GIVEN RECORDS –
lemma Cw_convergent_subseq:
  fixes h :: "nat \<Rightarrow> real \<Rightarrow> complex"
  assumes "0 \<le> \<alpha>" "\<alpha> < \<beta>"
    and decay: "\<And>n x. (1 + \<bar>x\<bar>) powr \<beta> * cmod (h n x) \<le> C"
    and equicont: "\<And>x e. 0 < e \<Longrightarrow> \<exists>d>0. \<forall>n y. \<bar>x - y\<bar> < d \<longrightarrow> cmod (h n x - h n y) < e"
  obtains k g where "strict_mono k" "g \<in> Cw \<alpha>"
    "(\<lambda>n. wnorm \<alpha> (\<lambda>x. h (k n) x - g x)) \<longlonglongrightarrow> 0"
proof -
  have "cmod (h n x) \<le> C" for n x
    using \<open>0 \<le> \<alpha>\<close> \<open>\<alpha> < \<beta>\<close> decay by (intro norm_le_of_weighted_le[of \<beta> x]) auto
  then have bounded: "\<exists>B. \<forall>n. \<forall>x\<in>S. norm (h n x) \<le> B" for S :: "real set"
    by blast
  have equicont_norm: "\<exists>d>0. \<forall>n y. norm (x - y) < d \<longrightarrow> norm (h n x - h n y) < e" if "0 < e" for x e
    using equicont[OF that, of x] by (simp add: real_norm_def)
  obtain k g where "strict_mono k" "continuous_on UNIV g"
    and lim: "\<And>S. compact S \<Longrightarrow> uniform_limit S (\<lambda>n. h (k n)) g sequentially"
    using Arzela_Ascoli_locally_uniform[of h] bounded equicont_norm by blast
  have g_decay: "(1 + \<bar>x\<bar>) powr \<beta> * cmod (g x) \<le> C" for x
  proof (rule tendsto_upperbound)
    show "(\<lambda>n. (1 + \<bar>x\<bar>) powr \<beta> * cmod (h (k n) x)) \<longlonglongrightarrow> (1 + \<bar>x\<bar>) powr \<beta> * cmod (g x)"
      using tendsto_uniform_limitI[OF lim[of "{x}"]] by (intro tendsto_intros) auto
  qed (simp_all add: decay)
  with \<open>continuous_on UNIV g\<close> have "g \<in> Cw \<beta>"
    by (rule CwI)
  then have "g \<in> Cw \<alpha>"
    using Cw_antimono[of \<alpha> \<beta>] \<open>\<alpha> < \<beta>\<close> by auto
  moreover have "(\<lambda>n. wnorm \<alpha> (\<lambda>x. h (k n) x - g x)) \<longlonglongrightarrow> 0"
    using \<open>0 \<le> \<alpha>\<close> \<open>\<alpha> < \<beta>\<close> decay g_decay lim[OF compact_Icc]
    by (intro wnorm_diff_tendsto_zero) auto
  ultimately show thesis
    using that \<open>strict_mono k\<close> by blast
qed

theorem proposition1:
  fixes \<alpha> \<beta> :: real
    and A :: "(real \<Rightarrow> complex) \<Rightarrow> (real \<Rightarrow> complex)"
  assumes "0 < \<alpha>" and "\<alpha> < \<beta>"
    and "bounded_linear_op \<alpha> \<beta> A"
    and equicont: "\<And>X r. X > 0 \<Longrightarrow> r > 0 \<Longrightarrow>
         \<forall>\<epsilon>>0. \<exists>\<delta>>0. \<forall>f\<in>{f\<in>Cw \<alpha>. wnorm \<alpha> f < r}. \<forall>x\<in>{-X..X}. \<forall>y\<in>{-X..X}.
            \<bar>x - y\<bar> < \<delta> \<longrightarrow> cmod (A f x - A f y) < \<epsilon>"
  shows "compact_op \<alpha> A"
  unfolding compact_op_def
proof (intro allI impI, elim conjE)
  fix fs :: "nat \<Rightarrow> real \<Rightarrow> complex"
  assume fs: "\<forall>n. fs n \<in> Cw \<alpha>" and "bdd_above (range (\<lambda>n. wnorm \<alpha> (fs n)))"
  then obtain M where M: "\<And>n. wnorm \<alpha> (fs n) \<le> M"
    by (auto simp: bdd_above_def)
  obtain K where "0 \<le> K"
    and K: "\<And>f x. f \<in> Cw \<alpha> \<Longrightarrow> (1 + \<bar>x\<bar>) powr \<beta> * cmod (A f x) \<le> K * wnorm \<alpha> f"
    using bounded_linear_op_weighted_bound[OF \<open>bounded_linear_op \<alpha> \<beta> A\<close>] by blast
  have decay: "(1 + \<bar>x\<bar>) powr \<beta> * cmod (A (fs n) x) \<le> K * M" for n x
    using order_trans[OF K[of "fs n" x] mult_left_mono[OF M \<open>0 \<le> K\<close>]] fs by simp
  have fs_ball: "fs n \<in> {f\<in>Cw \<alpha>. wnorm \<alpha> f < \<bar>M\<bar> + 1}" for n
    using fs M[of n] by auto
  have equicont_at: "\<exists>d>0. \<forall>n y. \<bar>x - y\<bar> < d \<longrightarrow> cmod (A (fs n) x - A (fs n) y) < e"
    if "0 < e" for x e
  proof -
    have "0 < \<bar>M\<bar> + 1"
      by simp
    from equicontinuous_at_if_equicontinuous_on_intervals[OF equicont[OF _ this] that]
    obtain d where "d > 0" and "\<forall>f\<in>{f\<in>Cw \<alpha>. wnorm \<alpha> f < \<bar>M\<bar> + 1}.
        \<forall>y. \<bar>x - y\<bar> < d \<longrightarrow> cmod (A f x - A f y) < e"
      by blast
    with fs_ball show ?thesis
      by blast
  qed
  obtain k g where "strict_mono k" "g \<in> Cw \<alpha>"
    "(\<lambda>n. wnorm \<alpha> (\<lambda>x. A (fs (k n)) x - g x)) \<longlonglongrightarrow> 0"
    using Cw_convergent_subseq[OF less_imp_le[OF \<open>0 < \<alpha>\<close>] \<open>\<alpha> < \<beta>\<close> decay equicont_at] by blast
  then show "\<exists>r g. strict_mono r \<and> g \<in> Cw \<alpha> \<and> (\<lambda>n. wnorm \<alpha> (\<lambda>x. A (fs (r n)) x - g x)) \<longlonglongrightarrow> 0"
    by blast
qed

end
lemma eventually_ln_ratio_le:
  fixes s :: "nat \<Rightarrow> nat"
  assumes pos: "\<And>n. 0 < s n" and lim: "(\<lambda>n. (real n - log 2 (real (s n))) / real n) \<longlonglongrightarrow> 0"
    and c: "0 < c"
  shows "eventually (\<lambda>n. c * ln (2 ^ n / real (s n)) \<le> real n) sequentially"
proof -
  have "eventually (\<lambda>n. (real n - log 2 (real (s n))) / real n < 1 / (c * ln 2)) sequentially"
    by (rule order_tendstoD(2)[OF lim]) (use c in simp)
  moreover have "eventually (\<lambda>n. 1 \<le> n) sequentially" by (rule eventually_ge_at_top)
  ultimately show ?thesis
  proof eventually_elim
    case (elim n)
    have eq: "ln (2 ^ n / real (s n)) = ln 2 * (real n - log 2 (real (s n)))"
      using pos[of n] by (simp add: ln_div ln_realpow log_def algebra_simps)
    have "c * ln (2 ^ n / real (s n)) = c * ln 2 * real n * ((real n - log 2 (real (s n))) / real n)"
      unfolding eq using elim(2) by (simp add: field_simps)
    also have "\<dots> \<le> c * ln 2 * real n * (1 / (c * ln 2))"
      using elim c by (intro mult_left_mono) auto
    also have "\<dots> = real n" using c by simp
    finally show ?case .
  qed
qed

THE PROBLEM –
The data must be retyped in full, exactly as it reads.

FINAL ANSWER –
lemma Cw_convergent_subseq:
  fixes h :: "nat \<Rightarrow> real \<Rightarrow> complex"
  assumes "0 \<le> \<alpha>" "\<alpha> < \<beta>"
    and decay: "\<And>n x. (1 + \<bar>x\<bar>) powr \<beta> * cmod (h n x) \<le> C"
    and equicont: "\<And>x e. 0 < e \<Longrightarrow> \<exists>d>0. \<forall>n y. \<bar>x - y\<bar> < d \<longrightarrow> cmod (h n x - h n y) < e"
  obtains k g where "strict_mono k" "g \<in> Cw \<alpha>"
    "(\<lambda>n. wnorm \<alpha> (\<lambda>x. h (k n) x - g x)) \<longlonglongrightarrow> 0"
proof -
  have "cmod (h n x) \<le> C" for n x
    using \<open>0 \<le> \<alpha>\<close> \<open>\<alpha> < \<beta>\<close> decay by (intro norm_le_of_weighted_le[of \<beta> x]) auto
  then have bounded: "\<exists>B. \<forall>n. \<forall>x\<in>S. norm (h n x) \<le> B" for S :: "real set"
    by blast
  have equicont_norm: "\<exists>d>0. \<forall>n y. norm (x - y) < d \<longrightarrow> norm (h n x - h n y) < e" if "0 < e" for x e
    using equicont[OF that, of x] by (simp add: real_norm_def)
  obtain k g where "strict_mono k" "continuous_on UNIV g"
    and lim: "\<And>S. compact S \<Longrightarrow> uniform_limit S (\<lambda>n. h (k n)) g sequentially"
    using Arzela_Ascoli_locally_uniform[of h] bounded equicont_norm by blast
  have g_decay: "(1 + \<bar>x\<bar>) powr \<beta> * cmod (g x) \<le> C" for x
  proof (rule tendsto_upperbound)
    show "(\<lambda>n. (1 + \<bar>x\<bar>) powr \<beta> * cmod (h (k n) x)) \<longlonglongrightarrow> (1 + \<bar>x\<bar>) powr \<beta> * cmod (g x)"
      using tendsto_uniform_limitI[OF lim[of "{x}"]] by (intro tendsto_intros) auto
  qed (simp_all add: decay)
  with \<open>continuous_on UNIV g\<close> have "g \<in> Cw \<beta>"
    by (rule CwI)
  then have "g \<in> Cw \<alpha>"
    using Cw_antimono[of \<alpha> \<beta>] \<open>\<alpha> < \<beta>\<close> by auto
  moreover have "(\<lambda>n. wnorm \<alpha> (\<lambda>x. h (k n) x - g x)) \<longlonglongrightarrow> 0"
    using \<open>0 \<le> \<alpha>\<close> \<open>\<alpha> < \<beta>\<close> decay g_decay lim[OF compact_Icc]
    by (intro wnorm_diff_tendsto_zero) auto
  ultimately show thesis
    using that \<open>strict_mono k\<close> by blast
qed

theorem proposition1:
  fixes \<alpha> \<beta> :: real
    and A :: "(real \<Rightarrow> complex) \<Rightarrow> (real \<Rightarrow> complex)"
  assumes "0 < \<alpha>" and "\<alpha> < \<beta>"
    and "bounded_linear_op \<alpha> \<beta> A"
    and equicont: "\<And>X r. X > 0 \<Longrightarrow> r > 0 \<Longrightarrow>
         \<forall>\<epsilon>>0. \<exists>\<delta>>0. \<forall>f\<in>{f\<in>Cw \<alpha>. wnorm \<alpha> f < r}. \<forall>x\<in>{-X..X}. \<forall>y\<in>{-X..X}.
            \<bar>x - y\<bar> < \<delta> \<longrightarrow> cmod (A f x - A f y) < \<epsilon>"
  shows "compact_op \<alpha> A"
  unfolding compact_op_def
proof (intro allI impI, elim conjE)
  fix fs :: "nat \<Rightarrow> real \<Rightarrow> complex"
  assume fs: "\<forall>n. fs n \<in> Cw \<alpha>" and "bdd_above (range (\<lambda>n. wnorm \<alpha> (fs n)))"
  then obtain M where M: "\<And>n. wnorm \<alpha> (fs n) \<le> M"
    by (auto simp: bdd_above_def)
  obtain K where "0 \<le> K"
    and K: "\<And>f x. f \<in> Cw \<alpha> \<Longrightarrow> (1 + \<bar>x\<bar>) powr \<beta> * cmod (A f x) \<le> K * wnorm \<alpha> f"
    using bounded_linear_op_weighted_bound[OF \<open>bounded_linear_op \<alpha> \<beta> A\<close>] by blast
  have decay: "(1 + \<bar>x\<bar>) powr \<beta> * cmod (A (fs n) x) \<le> K * M" for n x
    using order_trans[OF K[of "fs n" x] mult_left_mono[OF M \<open>0 \<le> K\<close>]] fs by simp
  have fs_ball: "fs n \<in> {f\<in>Cw \<alpha>. wnorm \<alpha> f < \<bar>M\<bar> + 1}" for n
    using fs M[of n] by auto
  have equicont_at: "\<exists>d>0. \<forall>n y. \<bar>x - y\<bar> < d \<longrightarrow> cmod (A (fs n) x - A (fs n) y) < e"
    if "0 < e" for x e
  proof -
    have "0 < \<bar>M\<bar> + 1"
      by simp
    from equicontinuous_at_if_equicontinuous_on_intervals[OF equicont[OF _ this] that]
    obtain d where "d > 0" and "\<forall>f\<in>{f\<in>Cw \<alpha>. wnorm \<alpha> f < \<bar>M\<bar> + 1}.
        \<forall>y. \<bar>x - y\<bar> < d \<longrightarrow> cmod (A f x - A f y) < e"
      by blast
    with fs_ball show ?thesis
      by blast
  qed
  obtain k g where "strict_mono k" "g \<in> Cw \<alpha>"
    "(\<lambda>n. wnorm \<alpha> (\<lambda>x. A (fs (k n)) x - g x)) \<longlonglongrightarrow> 0"
    using Cw_convergent_subseq[OF less_imp_le[OF \<open>0 < \<alpha>\<close>] \<open>\<alpha> < \<beta>\<close> decay equicont_at] by blast
  then show "\<exists>r g. strict_mono r \<and> g \<in> Cw \<alpha> \<and> (\<lambda>n. wnorm \<alpha> (\<lambda>x. A (fs (r n)) x - g x)) \<longlonglongrightarrow> 0"
    by blast
qed

end
lemma eventually_ln_ratio_le:
  fixes s :: "nat \<Rightarrow> nat"
  assumes pos: "\<And>n. 0 < s n" and lim: "(\<lambda>n. (real n - log 2 (real (s n))) / real n) \<longlonglongrightarrow> 0"
    and c: "0 < c"
  shows "eventually (\<lambda>n. c * ln (2 ^ n / real (s n)) \<le> real n) sequentially"
proof -
  have "eventually (\<lambda>n. (real n - log 2 (real (s n))) / real n < 1 / (c * ln 2)) sequentially"
    by (rule order_tendstoD(2)[OF lim]) (use c in simp)
  moreover have "eventually (\<lambda>n. 1 \<le> n) sequentially" by (rule eventually_ge_at_top)
  ultimately show ?thesis
  proof eventually_elim
    case (elim n)
    have eq: "ln (2 ^ n / real (s n)) = ln 2 * (real n - log 2 (real (s n)))"
      using pos[of n] by (simp add: ln_div ln_realpow log_def algebra_simps)
    have "c * ln (2 ^ n / real (s n)) = c * ln 2 * real n * ((real n - log 2 (real (s n))) / real n)"
      unfolding eq using elim(2) by (simp add: field_simps)
    also have "\<dots> \<le> c * ln 2 * real n * (1 / (c * ln 2))"
      using elim c by (intro mult_left_mono) auto
    also have "\<dots> = real n" using c by simp
    finally show ?case .
  qed
qed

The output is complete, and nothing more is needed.